As a consequence of negotiations associated with securing those
agreements, PRD and CEG agreed to vary certain of the terms of the
previously announced agreement between them, as follows:
-- On completion, PRD has paid to CEG US$1 million;
-- A further US$1 million, due to be paid by PRD to CEG 6 months
after the Completion Date, will instead be paid immediately by PRD
direct to the MEEI, in part agreed settlement of past dues on the
Cory Moruga licence; and
-- A contingent US$1 million payable by PRD to CEG in the event
of the Cory Moruga field achieving certain future production
benchmarks, and PRD granting to CEG a future back-in right to a 25%
interest in the Cory Moruga field at an uplifted multiple of cost
base, will no longer apply, reflective of CEG's contribution to the
value of settlement of the balance of past dues on the Cory Moruga
licence, which by agreement will be recovered by MEEI via agreed
quarterly arrears payments, which are deductible against Petroleum
Profit Tax and supplemental petroleum tax.

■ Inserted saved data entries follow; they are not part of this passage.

(* Let $R$ be a reflexive relation on $U$ such that $\mathrm{DM(RS)}$ is completely distributive. Then: (i) $\mathcal J^{-}=\{(\emptyset,\{x\}^{\blacktriangle})\mid \{x\}^{\blacktriangle}\in\mathcal J(\wp(U)^{\blacktriangle}),\ x\notin\mathcal S\}$; (ii) if $(\emptyset,\{x\}^{\blacktriangle})\in\mathcal J^{-}$, then for any $z\in\mathfrak{core}\breve R(x)$ we have $g(\emptyset,\{x\}^{\blacktriangle})=(\{z\}^{\vartriangle\blacktriangledown},\{z\}^{\vartriangle\blacktriangle})$, $z\notin\mathcal S$, and $\{z\}^{\vartriangle}$ is completely join-irreducible in $\wp(U)^{\vartriangle}$; (iii) $\mathcal J^{+}=\{(\{x\}^{\vartriangle\blacktriangledown},\{x\}^{\vartriangle\blacktriangle})\mid \{x\}^{\vartriangle}\in\mathcal J(\wp(U)^{\vartriangle}),\ x\notin\mathcal S\}$; (iv) $\mathcal J^{\circ}=\{(\{x\},\{x\}^{\blacktriangle})\mid x\in\mathcal S\}$.
   Context: Let $U$ be a set and $R\subseteq U\times U$ a binary relation. For $x\in U$, $R(x)=\{y\in U\mid (x,y)\in R\}$ and $\breve R(x)=\{y\in U\mid (y,x)\in R\}$; $\mathfrak{core}\breve R(x)=\{w\in \breve R(x)\mid \text{for all }y\in U,\ w\in \breve R(y)\text{ implies }\breve R(x)\subseteq \breve R(y)\}$. For $X\subseteq U$: $X^{\blacktriangledown}=\{x\in U\mid R(x)\subseteq X\}$, $X^{\blacktriangle}=\{x\in U\mid R(x)\cap X\neq\emptyset\}$, $X^{\triangledown}=\{x\in U\mid \breve R(x)\subseteq X\}$, $X^{\vartriangle}=\{x\in U\mid \breve R(x)\cap X\neq\emptyset\}$; composites like $X^{\vartriangle\blacktriangledown}$ mean $(X^{\vartriangle})^{\blacktriangledown}$. $\wp(U)^{\blacktriangledown}=\{X^{\blacktriangledown}\mid X\subseteq U\}$, and similarly $\wp(U)^{\blacktriangle},\wp(U)^{\vartriangle}$, complete lattices under $\subseteq$. $\mathcal S=\{x\in U\mid |R(x)|=1\}$. $\mathrm{RS}=\{(X^{\blacktriangledown},X^{\blacktriangle})\mid X\subseteq U\}$ ordered coordinatewise; $\mathrm{DM(RS)}$ is its Dedekind–MacNeille completion, identified with $\{(A,B)\in\wp(U)^{\blacktriangledown}\times\wp(U)^{\blacktriangle}\mid A^{\vartriangle\blacktriangle}\subseteq B,\ A\cap\mathcal S=B\cap\mathcal S\}$ ordered coordinatewise, with meets $\bigwedge_i(X_i,Y_i)=(\bigcap_iX_i,(\bigcap_iY_i)^{\triangledown\blacktriangle})$ and joins $\bigvee_i(X_i,Y_i)=((\bigcup_iX_i)^{\vartriangle\blacktriangledown},\bigcup_iY_i)$. For a complete lattice $L$, $\mathcal J(L)$ is its set of completely join-irreducible elements ($j$ with: $j=\bigvee S$ implies $j\in S$). When $\mathrm{DM(RS)}$ is distributive ($R$ reflexive), it is a Kleene algebra with $\sim(A,B)=(B^c,A^c)$. Writing $\mathcal J=\mathcal J(\mathrm{DM(RS)})$, define for $j\in\mathcal J$ the element $g(j)=\bigwedge\{a\in\mathrm{DM(RS)}\mid a\not\le\sim j\}$ (which lies in $\mathcal J$ and is comparable with $j$), and set $\mathcal J^{-}=\{j\in\mathcal J\mid j<g(j)\}$, $\mathcal J^{\circ}=\{j\in\mathcal J\mid j=g(j)\}$, $\mathcal J^{+}=\{j\in\mathcal J\mid j>g(j)\}$. *)

theory Defs
  imports Main
begin
section \<open>Certified bounds for the local factors\<close>

text \<open>Upward-rounded fixed-point arithmetic with scale D: a natural m stands for the upper bound m / D.\<close>

lemma le_div_round_up: "0 < (d::nat) \<Longrightarrow> real a / real d \<le> real ((a + d - 1) div d)"
proof -
  assume "0 < d"
  have "(a + d - 1) div d * d + (a + d - 1) mod d = a + d - 1" "(a + d - 1) mod d < d"
    using \<open>0 < d\<close> by simp_all
  then have "a \<le> (a + d - 1) div d * d" by linarith
  then have "real a \<le> real ((a + d - 1) div d) * real d" by (metis of_nat_le_iff of_nat_mult)
  with \<open>0 < d\<close> show ?thesis by (simp add: divide_simps)
qed

definition mul_up :: "nat \<Rightarrow> nat \<Rightarrow> nat \<Rightarrow> nat" where
  "mul_up D x y = (x * y + D - 1) div D"

lemma mul_up_bound:
  assumes "0 < D"
  shows "real x / real D * (real y / real D) \<le> real (mul_up D x y) / real D"
proof -
  have "real (x * y) / real D \<le> real (mul_up D x y)"
    unfolding mul_up_def using le_div_round_up[OF assms] .
  with assms show ?thesis by (simp add: divide_simps)
qed

definition sq_up :: "nat \<Rightarrow> nat \<Rightarrow> nat" where
  "sq_up D x = mul_up D x x"

fun pow_up :: "nat \<Rightarrow> nat \<Rightarrow> nat \<Rightarrow> nat" where
  "pow_up D m n =
    (if n = 0 then D else mul_up D (sq_up D (pow_up D m (n div 2))) (if even n then D else m))"

declare pow_up.simps [simp del]

lemma pow_up_bound:
  assumes "0 < D" "0 \<le> x" "x \<le> real m / real D"
  shows "x ^ n \<le> real (pow_up D m n) / real D"
proof (induction n rule: less_induct)
  case (less n)
  show ?case
  proof (cases "n = 0")
    case True
    with assms(1) show ?thesis by (simp add: pow_up.simps)
  next
    case False
    define z where "z = pow_up D m (n div 2)"
    define t where "t = (if even n then D else m)"
    have "x ^ (n div 2) \<le> real z / real D"
      using less.IH False unfolding z_def by simp
    then have "x ^ (n div 2) * x ^ (n div 2) \<le> real z / real D * (real z / real D)"
      using assms(2) by (intro mult_mono) simp_all
    also have "\<dots> \<le> real (sq_up D z) / real D"
      unfolding sq_up_def by (rule mul_up_bound[OF assms(1)])
    finally have "x ^ (2 * (n div 2)) \<le> real (sq_up D z) / real D"
      by (simp add: mult_2 power_add)
    moreover have "x ^ (n mod 2) \<le> real t / real D"
      using assms by (simp add: t_def odd_iff_mod_2_eq_one)
    ultimately have "x ^ (2 * (n div 2)) * x ^ (n mod 2) \<le> real (sq_up D z) / real D * (real t / real D)"
      using assms(2) by (intro mult_mono) simp_all
    also have "\<dots> \<le> real (pow_up D m n) / real D"
      using False mul_up_bound[OF assms(1)] by (simp add: pow_up.simps[of D m n] z_def t_def)
    finally show ?thesis
      by (simp flip: power_add)
  qed
qed

text \<open>A sufficient condition for \<open>ca_weight k (p ^ a) \<le> c_num / c_den * ca_weight k (p ^ b)\<close>
  that simp can evaluate; \<open>num / den\<close> is \<open>abundancy (p ^ a) / abundancy (p ^ b)\<close>.\<close>
definition weight_ratio_test :: "nat \<Rightarrow> nat \<Rightarrow> nat \<Rightarrow> nat \<Rightarrow> nat \<Rightarrow> nat \<Rightarrow> bool" where
  "weight_ratio_test k p a b c_num c_den \<longleftrightarrow>
    (let D = 2 ^ 24;
         num = (p ^ Suc a - 1) div (p - 1) * p ^ b;
         den = (p ^ Suc b - 1) div (p - 1) * p ^ a
     in pow_up D ((num * D + den - 1) div den) k * p ^ b * c_den \<le> c_num * D * p ^ a)"

lemma ca_weight_prime_power_le_if_test:
  assumes "prime p" "0 < c_den" "weight_ratio_test k p a b c_num c_den"
  shows "ca_weight k (p ^ a) \<le> real c_num / real c_den * ca_weight k (p ^ b)"
proof -
  define D :: nat where "D = 2 ^ 24"
  define num where "num = sigma (p ^ a) * p ^ b"
  define den where "den = sigma (p ^ b) * p ^ a"
  define m where "m = (num * D + den - 1) div den"
  have p: "0 < p" using prime_gt_0_nat[OF assms(1)] .
  have pos: "0 < D" "0 < den" "0 < sigma (p ^ a)"
    using p by (simp_all add: D_def den_def sigma_pos)
  have test: "pow_up D m k * p ^ b * c_den \<le> c_num * D * p ^ a"
    using assms(3) unfolding weight_ratio_test_def Let_def
    by (simp add: num_def den_def m_def D_def sigma_prime_power_eq_div[OF assms(1)])
  let ?x = "abundancy (p ^ a) / abundancy (p ^ b)"
  have x_eq: "?x = real num / real den"
    unfolding abundancy_def num_def den_def using p by (simp add: field_simps)
  have "0 \<le> ?x" unfolding x_eq by simp
  moreover have "?x \<le> real m / real D"
    unfolding x_eq m_def using le_div_round_up[OF pos(2), of "num * D"] pos(1) by (simp add: field_simps)
  ultimately have pow: "?x ^ k \<le> real (pow_up D m k) / real D"
    by (rule pow_up_bound[OF pos(1)])
  have w_nonneg: "0 \<le> ca_weight k (p ^ b)"
    using p by (simp add: less_imp_le ca_weight_pos)
  have "ca_weight k (p ^ a) = ?x ^ k * (real (p ^ b) / real (p ^ a)) * ca_weight k (p ^ b)"
    unfolding ca_weight_def using p abundancy_pos[of "p ^ b"] by (simp add: power_divide field_simps)
  also have "\<dots> \<le> real (pow_up D m k) / real D * (real (p ^ b) / real (p ^ a)) * ca_weight k (p ^ b)"
    using pow w_nonneg by (intro mult_right_mono) simp_all
  also have "\<dots> \<le> real c_num / real c_den * ca_weight k (p ^ b)"
  proof (rule mult_right_mono)
    have "real (pow_up D m k * p ^ b * c_den) \<le> real (c_num * D * p ^ a)"
      using test by (simp only: of_nat_le_iff)
    then show "real (pow_up D m k) / real D * (real (p ^ b) / real (p ^ a)) \<le> real c_num / real c_den"
      using pos(1) assms(2) p by (simp add: field_simps)
  qed (rule w_nonneg)
  finally show ?thesis .
qed

definition window_certificate :: "nat \<Rightarrow> nat \<Rightarrow> nat \<Rightarrow> nat \<Rightarrow> nat \<Rightarrow> nat \<Rightarrow> nat \<Rightarrow> bool" where
  "window_certificate k p r lo hi c_num c_den \<longleftrightarrow>
    lo \<le> r \<and> r \<le> hi \<and>
    (r = 0 \<or> weight_ratio_test k p (r - 1) r 1 1) \<and> weight_ratio_test k p (r + 1) r 1 1 \<and>
    (lo = 0 \<or> weight_ratio_test k p (lo - 1) r c_num c_den) \<and>
    weight_ratio_test k p (hi + 1) r c_num c_den"

lemma window_certificate_sound:
  assumes "prime p" "0 < c_den" "window_certificate k p r lo hi c_num c_den"
  shows "ca_weight k (p ^ a) \<le> ca_weight k (p ^ r)"
    and "a < lo \<or> hi < a \<Longrightarrow> ca_weight k (p ^ a) \<le> real c_num / real c_den * ca_weight k (p ^ r)"
proof -
  interpret log_concave_seq "\<lambda>a. ca_weight k (p ^ a)"
    by (rule log_concave_seq_ca_weight_prime_power[OF assms(1)])
  note test = ca_weight_prime_power_le_if_test[OF assms(1)]
  have test_1: "ca_weight k (p ^ a') \<le> ca_weight k (p ^ b')" if "weight_ratio_test k p a' b' 1 1" for a' b'
    using test[OF _ that] by simp
  from assms(3) have c: "lo \<le> r" "r \<le> hi"
    "r = 0 \<or> weight_ratio_test k p (r - 1) r 1 1" "weight_ratio_test k p (r + 1) r 1 1"
    "lo = 0 \<or> weight_ratio_test k p (lo - 1) r c_num c_den" "weight_ratio_test k p (hi + 1) r c_num c_den"
    unfolding window_certificate_def by blast+
  have peak: "r = 0 \<or> ca_weight k (p ^ (r - 1)) \<le> ca_weight k (p ^ r)"
    "ca_weight k (p ^ (r + 1)) \<le> ca_weight k (p ^ r)"
    using c(3) test_1 c(4) by blast+
  then show "ca_weight k (p ^ a) \<le> ca_weight k (p ^ r)"
    by (rule le_peak)
  show "ca_weight k (p ^ a) \<le> real c_num / real c_den * ca_weight k (p ^ r)" if "a < lo \<or> hi < a"
  proof (rule le_outside_window[OF peak c(1,2) _ _ that])
    show "lo = 0 \<or> ca_weight k (p ^ (lo - 1)) \<le> real c_num / real c_den * ca_weight k (p ^ r)"
      using c(5) test[OF assms(2)] by blast
  qed (rule test[OF assms(2) c(6)])
qed

section \<open>The superabundant number SA106\<close>

abbreviation (input) SA106 :: nat where "SA106 \<equiv> 224403121196654400"
abbreviation (input) SA107 :: nat where "SA107 \<equiv> 448806242393308800"
abbreviation (input) N15 :: nat where "N15 \<equiv> 614889782588491410"

definition small_primes :: "nat list" where
  "small_primes = [2, 3, 5, 7, 11, 13, 17, 19, 23, 29, 31, 37, 41, 43, 47]"

definition sa106_exponent :: "nat \<Rightarrow> nat" where
  "sa106_exponent p =
    (if p = 2 then 6 else if p = 3 then 4 else if p \<in> {5, 7} then 2
     else if p \<in> {11, 13, 17, 19, 23, 29, 31, 37} then 1 else 0)"

text \<open>SA106 maximises \<open>ca_weight k\<close> for every k from 136 to 154; we take k = 144. Outside
  \<open>[window_lo p, window_hi p]\<close> the local factor \<open>ca_weight 144 (p ^ a)\<close> is at most SA106 / N15
  times its maximum.\<close>
definition window_lo :: "nat \<Rightarrow> nat" where
  "window_lo p =
    (if p = 2 then 5 else if p = 3 then 3 else if p = 5 then 2
     else if p \<in> {7, 11, 13, 17, 19, 23, 29, 31} then 1 else 0)"

definition window_hi :: "nat \<Rightarrow> nat" where
  "window_hi p =
    (if p = 2 then 8 else if p = 3 then 5 else if p = 5 then 3 else if p = 7 then 2
     else if p \<in> set small_primes then 1 else 0)"

lemma small_primes_prime: "\<forall>p\<in>set small_primes. prime p"
  unfolding small_primes_def by code_simp

lemma prime_less_53_in_small_primes: "\<forall>p<53. prime p \<longrightarrow> p \<in> set small_primes"
  unfolding small_primes_def by code_simp

lemma prime_53: "prime (53::nat)"
  by code_simp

In parallel with completion, all historical differences, and
disputes between PRD and CEG in relation to the Inniss-Trinity
pilot CO2 EOR Project have been completely and amicably resolved
pursuant to the terms of the previously announced Settlement
Agreement between PRD and CEG.
Initial Work programme
The Initial Work Programme agreed by PRD with the MEEI will be
conducted over the next three years effective from the Completion
Date and will include:
-- Re-entering Snowcap-1 to bring the Herrera #8 Sand back onto production;
-- Reprocessing, subject to the availability of seismic field
tapes, the existing 3D seismic on Cory Moruga; and
-- Drilling an appraisal/exploration well to test all eight
Herrera reservoir intervals (Herrera #1 to #8 Sands) that produced
in the adjoining ex-BP and Shell Moruga West field and several of
which had tested oil in Rochard-1 drilled in 1955.
Snowcap-1 and Snowcap-2ST1
Snowcap-1 initially flowed at a stabilised rate of 406 bopd with
no water. The Snowcap-1 test waxed off downhole during the test
with the test tool recovered covered in wax.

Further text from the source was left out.